Problem →
Across the records below, count the lines that contain "noteq" and write down only the count.

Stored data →
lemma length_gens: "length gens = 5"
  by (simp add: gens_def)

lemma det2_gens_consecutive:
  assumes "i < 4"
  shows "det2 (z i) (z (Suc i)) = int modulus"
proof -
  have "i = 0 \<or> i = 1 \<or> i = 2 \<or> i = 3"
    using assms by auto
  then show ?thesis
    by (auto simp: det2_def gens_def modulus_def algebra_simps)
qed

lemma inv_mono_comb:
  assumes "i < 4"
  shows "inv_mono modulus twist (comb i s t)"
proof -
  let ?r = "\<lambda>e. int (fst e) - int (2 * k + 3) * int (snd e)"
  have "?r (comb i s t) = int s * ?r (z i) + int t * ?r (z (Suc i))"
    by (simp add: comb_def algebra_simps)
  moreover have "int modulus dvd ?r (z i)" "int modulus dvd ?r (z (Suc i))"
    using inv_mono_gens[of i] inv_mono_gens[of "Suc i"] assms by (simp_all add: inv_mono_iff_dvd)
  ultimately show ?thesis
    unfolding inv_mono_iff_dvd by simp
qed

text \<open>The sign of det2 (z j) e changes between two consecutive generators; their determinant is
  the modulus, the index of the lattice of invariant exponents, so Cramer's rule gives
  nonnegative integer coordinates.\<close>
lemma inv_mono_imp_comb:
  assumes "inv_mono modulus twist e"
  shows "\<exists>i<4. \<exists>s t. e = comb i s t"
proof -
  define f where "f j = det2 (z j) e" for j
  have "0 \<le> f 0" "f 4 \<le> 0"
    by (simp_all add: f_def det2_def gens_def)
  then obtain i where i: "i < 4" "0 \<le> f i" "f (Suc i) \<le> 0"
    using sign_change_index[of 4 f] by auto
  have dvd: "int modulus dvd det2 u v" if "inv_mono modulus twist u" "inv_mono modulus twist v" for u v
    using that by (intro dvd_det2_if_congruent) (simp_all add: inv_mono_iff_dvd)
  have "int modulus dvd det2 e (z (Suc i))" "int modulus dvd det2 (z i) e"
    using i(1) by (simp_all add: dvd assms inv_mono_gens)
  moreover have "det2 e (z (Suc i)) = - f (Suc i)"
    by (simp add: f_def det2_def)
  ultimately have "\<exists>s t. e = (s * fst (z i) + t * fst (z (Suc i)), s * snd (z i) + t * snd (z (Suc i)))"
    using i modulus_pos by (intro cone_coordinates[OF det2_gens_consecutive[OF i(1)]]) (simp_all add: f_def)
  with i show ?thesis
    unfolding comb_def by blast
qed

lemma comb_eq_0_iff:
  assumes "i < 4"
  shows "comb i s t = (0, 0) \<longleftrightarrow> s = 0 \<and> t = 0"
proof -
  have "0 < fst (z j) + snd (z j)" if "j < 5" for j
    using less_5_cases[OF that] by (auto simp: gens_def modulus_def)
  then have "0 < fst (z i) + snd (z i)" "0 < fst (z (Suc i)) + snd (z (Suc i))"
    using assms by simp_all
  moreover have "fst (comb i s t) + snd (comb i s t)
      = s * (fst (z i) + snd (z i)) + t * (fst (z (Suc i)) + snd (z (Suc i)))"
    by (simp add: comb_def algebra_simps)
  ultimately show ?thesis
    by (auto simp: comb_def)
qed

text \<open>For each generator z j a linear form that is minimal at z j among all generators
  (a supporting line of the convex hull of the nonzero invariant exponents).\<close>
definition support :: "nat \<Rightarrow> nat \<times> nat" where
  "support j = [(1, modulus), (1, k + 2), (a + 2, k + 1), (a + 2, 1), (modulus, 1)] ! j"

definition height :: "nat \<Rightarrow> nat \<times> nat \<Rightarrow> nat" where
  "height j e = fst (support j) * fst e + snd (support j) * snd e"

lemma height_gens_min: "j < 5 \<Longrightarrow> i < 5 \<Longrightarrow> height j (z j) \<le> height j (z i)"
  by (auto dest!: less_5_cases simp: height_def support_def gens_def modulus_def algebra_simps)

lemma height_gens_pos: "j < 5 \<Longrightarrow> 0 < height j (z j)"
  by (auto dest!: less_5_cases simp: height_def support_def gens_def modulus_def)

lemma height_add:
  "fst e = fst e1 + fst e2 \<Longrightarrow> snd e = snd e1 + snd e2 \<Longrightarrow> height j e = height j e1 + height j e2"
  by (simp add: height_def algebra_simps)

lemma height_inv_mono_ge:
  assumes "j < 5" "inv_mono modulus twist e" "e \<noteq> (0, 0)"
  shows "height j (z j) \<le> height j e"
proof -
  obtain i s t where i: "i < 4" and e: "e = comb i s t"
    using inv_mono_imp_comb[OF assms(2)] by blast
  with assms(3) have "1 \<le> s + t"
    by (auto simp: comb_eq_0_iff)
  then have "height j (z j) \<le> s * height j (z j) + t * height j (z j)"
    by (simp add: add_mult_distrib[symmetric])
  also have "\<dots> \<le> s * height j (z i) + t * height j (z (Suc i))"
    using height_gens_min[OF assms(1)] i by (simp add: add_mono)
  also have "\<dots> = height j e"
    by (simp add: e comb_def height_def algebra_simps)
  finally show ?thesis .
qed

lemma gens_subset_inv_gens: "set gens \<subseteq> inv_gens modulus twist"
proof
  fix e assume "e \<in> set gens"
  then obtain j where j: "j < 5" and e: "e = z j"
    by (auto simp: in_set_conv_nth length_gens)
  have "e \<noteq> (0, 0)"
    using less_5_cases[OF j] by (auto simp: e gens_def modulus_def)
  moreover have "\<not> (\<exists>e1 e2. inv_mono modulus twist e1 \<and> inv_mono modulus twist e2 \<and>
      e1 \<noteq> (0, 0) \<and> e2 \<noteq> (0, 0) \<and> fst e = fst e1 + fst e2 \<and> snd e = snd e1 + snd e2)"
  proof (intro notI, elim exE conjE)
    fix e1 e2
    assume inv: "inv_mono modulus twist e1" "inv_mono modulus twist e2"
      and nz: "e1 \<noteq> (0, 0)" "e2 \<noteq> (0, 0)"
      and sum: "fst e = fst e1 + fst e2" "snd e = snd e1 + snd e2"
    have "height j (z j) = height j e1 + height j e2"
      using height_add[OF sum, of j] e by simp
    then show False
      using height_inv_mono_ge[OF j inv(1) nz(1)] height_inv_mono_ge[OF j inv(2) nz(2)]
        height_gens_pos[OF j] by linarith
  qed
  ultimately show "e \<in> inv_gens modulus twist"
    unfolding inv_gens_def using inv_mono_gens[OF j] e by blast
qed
* * *
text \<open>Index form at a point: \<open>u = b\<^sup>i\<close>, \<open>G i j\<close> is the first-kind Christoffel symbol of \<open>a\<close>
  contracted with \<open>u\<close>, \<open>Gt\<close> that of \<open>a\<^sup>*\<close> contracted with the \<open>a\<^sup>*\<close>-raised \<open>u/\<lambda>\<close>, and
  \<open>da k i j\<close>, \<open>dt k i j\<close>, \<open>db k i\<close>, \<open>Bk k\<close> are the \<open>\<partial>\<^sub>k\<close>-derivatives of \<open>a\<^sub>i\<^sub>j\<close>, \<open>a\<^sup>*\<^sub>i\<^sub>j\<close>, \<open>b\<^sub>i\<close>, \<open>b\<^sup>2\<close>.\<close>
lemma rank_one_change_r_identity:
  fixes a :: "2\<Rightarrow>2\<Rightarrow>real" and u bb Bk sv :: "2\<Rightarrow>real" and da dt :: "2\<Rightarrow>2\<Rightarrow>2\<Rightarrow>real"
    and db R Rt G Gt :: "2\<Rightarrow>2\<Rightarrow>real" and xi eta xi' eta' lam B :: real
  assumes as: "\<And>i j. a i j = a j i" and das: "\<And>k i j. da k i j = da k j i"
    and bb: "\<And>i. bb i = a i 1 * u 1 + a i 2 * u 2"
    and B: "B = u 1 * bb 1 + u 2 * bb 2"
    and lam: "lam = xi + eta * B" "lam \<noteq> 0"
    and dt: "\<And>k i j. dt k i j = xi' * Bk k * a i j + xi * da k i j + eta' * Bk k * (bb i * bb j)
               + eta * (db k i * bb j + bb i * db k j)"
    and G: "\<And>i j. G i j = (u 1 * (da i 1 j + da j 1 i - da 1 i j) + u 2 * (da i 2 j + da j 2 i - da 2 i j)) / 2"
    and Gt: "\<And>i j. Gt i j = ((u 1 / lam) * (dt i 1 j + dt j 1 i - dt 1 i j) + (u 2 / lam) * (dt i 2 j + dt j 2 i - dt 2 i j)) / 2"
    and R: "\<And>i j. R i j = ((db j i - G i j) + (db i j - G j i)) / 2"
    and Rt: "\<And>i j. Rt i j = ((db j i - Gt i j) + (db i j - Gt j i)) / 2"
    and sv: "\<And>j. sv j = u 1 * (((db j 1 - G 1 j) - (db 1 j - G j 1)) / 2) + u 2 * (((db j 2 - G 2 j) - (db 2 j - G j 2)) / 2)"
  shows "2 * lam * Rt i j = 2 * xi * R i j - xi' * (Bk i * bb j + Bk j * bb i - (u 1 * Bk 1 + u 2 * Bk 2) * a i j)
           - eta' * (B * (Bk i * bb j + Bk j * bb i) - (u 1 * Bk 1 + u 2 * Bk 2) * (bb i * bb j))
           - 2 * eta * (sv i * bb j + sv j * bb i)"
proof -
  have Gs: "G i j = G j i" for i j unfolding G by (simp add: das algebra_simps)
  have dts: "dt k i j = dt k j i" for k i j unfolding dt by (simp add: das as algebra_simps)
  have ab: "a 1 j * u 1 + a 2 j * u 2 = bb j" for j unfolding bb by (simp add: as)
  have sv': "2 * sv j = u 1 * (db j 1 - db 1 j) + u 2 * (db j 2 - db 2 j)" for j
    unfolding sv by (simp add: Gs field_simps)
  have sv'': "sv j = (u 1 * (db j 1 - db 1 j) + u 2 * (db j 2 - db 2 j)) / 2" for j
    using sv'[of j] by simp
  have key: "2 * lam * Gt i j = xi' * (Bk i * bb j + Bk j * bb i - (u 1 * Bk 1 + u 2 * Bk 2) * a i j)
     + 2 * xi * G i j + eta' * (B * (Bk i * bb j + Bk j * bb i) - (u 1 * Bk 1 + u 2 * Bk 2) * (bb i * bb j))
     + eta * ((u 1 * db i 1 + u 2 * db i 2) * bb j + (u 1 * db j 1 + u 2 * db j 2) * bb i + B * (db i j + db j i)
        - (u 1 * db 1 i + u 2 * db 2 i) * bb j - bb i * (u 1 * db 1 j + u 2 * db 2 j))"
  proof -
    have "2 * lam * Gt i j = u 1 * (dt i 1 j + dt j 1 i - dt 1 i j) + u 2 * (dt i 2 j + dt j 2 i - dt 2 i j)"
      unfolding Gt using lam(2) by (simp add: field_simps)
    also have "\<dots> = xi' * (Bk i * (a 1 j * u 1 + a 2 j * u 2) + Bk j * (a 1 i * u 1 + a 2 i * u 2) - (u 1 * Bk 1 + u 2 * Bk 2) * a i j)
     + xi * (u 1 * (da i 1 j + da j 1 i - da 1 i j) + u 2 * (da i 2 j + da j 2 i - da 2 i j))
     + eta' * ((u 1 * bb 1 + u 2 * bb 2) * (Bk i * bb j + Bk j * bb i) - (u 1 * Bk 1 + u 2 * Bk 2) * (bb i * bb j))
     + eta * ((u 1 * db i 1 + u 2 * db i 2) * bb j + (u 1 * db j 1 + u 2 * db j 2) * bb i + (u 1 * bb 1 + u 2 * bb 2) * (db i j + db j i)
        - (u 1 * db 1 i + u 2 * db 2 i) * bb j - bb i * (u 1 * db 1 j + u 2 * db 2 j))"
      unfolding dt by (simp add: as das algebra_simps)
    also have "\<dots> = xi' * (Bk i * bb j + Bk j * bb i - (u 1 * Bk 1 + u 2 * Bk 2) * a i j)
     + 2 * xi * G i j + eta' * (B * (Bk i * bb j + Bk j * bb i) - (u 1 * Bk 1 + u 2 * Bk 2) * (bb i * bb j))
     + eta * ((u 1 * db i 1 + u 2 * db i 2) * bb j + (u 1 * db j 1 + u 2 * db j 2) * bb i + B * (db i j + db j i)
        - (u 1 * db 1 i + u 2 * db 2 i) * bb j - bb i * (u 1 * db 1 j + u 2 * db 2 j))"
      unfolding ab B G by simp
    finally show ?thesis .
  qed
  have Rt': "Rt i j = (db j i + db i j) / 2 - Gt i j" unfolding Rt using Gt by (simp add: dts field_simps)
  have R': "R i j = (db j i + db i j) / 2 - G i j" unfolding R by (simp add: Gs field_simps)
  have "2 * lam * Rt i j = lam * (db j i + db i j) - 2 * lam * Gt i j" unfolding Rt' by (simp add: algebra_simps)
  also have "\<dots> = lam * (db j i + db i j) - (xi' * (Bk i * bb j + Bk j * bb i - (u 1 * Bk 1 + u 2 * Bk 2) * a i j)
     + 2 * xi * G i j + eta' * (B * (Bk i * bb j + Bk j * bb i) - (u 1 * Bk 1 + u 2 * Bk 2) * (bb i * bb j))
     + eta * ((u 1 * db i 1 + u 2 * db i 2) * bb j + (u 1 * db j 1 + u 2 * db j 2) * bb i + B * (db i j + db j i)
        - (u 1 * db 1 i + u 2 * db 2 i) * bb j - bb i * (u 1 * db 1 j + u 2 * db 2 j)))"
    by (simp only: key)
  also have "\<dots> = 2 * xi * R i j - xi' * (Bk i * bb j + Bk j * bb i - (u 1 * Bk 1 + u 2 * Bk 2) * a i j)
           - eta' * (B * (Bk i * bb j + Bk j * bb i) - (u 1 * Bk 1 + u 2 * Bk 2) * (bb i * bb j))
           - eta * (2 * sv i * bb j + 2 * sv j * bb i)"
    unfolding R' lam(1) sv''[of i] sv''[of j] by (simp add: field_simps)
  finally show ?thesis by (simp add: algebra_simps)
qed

Solution to this task →
5